The film began its first schedule in and around Pollachi, Azhiyar Dam, Valparai and Anaimalai for close to a month. The second schedule of the film's shoot was held in Kumbakonam for three weeks during when a song involving 1000 junior artistes and 200 dancers was shot for 6 days. However, during production in September 2014, Santhoshkumar Rajan left the project after falling out with the producers, complaining that there was too much interference in the scripting and film-making process. Reports suggested that Vijayakanth would take over as director, though eventually another debutant Surendran, was handed the opportunity. In November 2014, it was revealed that the film's shoot was progressing in Malaysia with two former beauty pageant contestants making their film debuts as the lead actresses. Reports suggested Neha Kapur and Shubra Aiyappa were cast as heroines, while it was later clarified that Neha Hinge and not Kapur was chosen. The team later moved to film action scenes in Thailand, with Kecha Khamphakdee signed up as the stunt choreographer.

==Soundtrack==

The soundtrack is composed by Karthik Raja. On 8 December 2014, Silambarasan, Andrea Jeremiah and Remya Nambeesan recorded a song for the film, which had lyrics written by Parthy Bhaskar.

| No. | Song | Singers | Lyrics |
| 1 | "Adiye Rathiye" | Silambarasan, Ramya Nambeesan, Andrea Jeremiah | Paarthi Bhaskar |
| 2 | "Enakkanavan" | Chinmayi | Pa. Vijay |
| 3 | "Karichan Kuruvi" | Karthik, Chinmayi | Na.

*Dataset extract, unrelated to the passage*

(* Let $t_T=\frac{K_TM_T}{N}$ and $t_R=\frac{K_RM_R}{N}$ be integers with $t_T\ge 1$ and $t_T+t_R\le K_R$, and consider the prefetching and subfile partition described in the context, for an arbitrary demand vector $\mathbf{d}$. Then the set of all small subfiles that need to be delivered, namely $W_{d_j,\mathcal{T},\pi,\pi'}$ (intended for $\text{Rx}_j$) for all $j\in[K_R]$, all $\mathcal{T}\subseteq[K_T]$ with $|\mathcal{T}|=t_T$, all $\mathcal{R}\subseteq[K_R]\setminus\{j\}$ with $|\mathcal{R}|=t_R$, all $\pi\in\Pi_{\mathcal{R}}$ and all $\pi'\in\Pi_{[K_R]\setminus(\mathcal{R}\cup\{j\}),t_T-1}$, can be partitioned into disjoint subsets of size $t_T+t_R$ as $$\bigcup_{\substack{\mathcal{T}\subseteq[K_T]:\ |\mathcal{T}|=t_T\\ \mathcal{R}\subseteq[K_R]:\ |\mathcal{R}|=t_T+t_R\\ \pi\in\Pi^{\mathrm{circ}}_{\mathcal{R}}}}\left\{W_{d_{\pi(l)},\ \mathcal{T}\oplus_{K_T}(l-1),\ \pi[l+1:l+t_R],\ \pi[l+t_R+1:l+t_R+t_T-1]}\ :\ l\in[t_T+t_R]\right\}.$$
   Context: Setting: $K_T$ transmitters, $K_R$ receivers, a library of $N$ files $W_1,\dots,W_N$ of $F$ packets each ($F$ large enough for all divisions below to be integral), transmitter cache size $M_TF$ packets and receiver cache size $M_RF$ packets. Prefetching: each file $W_n$ is split into $\binom{K_T}{t_T}\binom{K_R}{t_R}$ disjoint equal-size subfiles $W_{n,\mathcal{T},\mathcal{R}}$, one for each $\mathcal{T}\subseteq[K_T]$ with $|\mathcal{T}|=t_T$ and $\mathcal{R}\subseteq[K_R]$ with $|\mathcal{R}|=t_R$. Transmitter $\text{Tx}_i$ caches all $W_{n,\mathcal{T},\mathcal{R}}$ with $i\in\mathcal{T}$; receiver $\text{Rx}_j$ caches all $W_{n,\mathcal{T},\mathcal{R}}$ with $j\in\mathcal{R}$. Receiver $\text{Rx}_j$ requests file $W_{d_j}$ and must receive the subfiles $W_{d_j,\mathcal{T},\mathcal{R}}$ with $j\notin\mathcal{R}$. Notation: for a set $\mathcal{S}$, $\Pi_{\mathcal{S}}$ is the set of permutations (orderings) of $\mathcal{S}$, and for $1\le t\le|\mathcal{S}|$, $\Pi_{\mathcal{S},t}=\bigcup_{\mathcal{A}\subseteq\mathcal{S},|\mathcal{A}|=t}\Pi_{\mathcal{A}}$. $\Pi^{\mathrm{circ}}_{\mathcal{R}}$ is the set of $(|\mathcal{R}|-1)!$ circular permutations of $\mathcal{R}$, each written as a list $\pi=[\pi(1),\dots,\pi(|\mathcal{R}|)]$. For integers $i,j,m$, $i\oplus_m j=1+((i+j-1)\bmod m)$; for a set $\mathcal{T}$, $\mathcal{T}\oplus_m j$ is the entrywise application of this operation. For a permutation $\pi$ of a set $\mathcal{S}$ and $j\ge i$, $\pi[i:j]=[\pi(i\oplus_{|\mathcal{S}|}0),\pi(i\oplus_{|\mathcal{S}|}1),\dots,\pi(i\oplus_{|\mathcal{S}|}(j-i))]$. Further partition: for each $j\in[K_R]$, each $\mathcal{T}\subseteq[K_T]$ with $|\mathcal{T}|=t_T$ and each $\mathcal{R}\subseteq[K_R]\setminus\{j\}$ with $|\mathcal{R}|=t_R$, the subfile $W_{d_j,\mathcal{T},\mathcal{R}}$ (to be delivered to $\text{Rx}_j$) is split into $\frac{t_R!\,[K_R-(t_R+1)]!}{[K_R-(t_R+t_T)]!}$ disjoint equal-size smaller subfiles $W_{d_j,\mathcal{T},\pi,\pi'}$, indexed by $\pi\in\Pi_{\mathcal{R}}$ and $\pi'\in\Pi_{[K_R]\setminus(\mathcal{R}\cup\{j\}),t_T-1}$. *)

theory Defs
  imports Complex_Main
begin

Muthukumar |
| 4 | "Oorukku Perumai" | Vijay Prakash | Viveka |
| 5 | "Vaada Vaada" | Ramya NSK, Senthil Dass |

==Release==
The satellite rights of the film were sold to Captain TV.

==Reception==
The Hindu gave the film a negative review for the film stating the appearance of Vijayakanth made the movie "a bit more tolerable". Rediff.com wrote, "Though the plot sounds interesting, it unfolds at an extremely slow pace".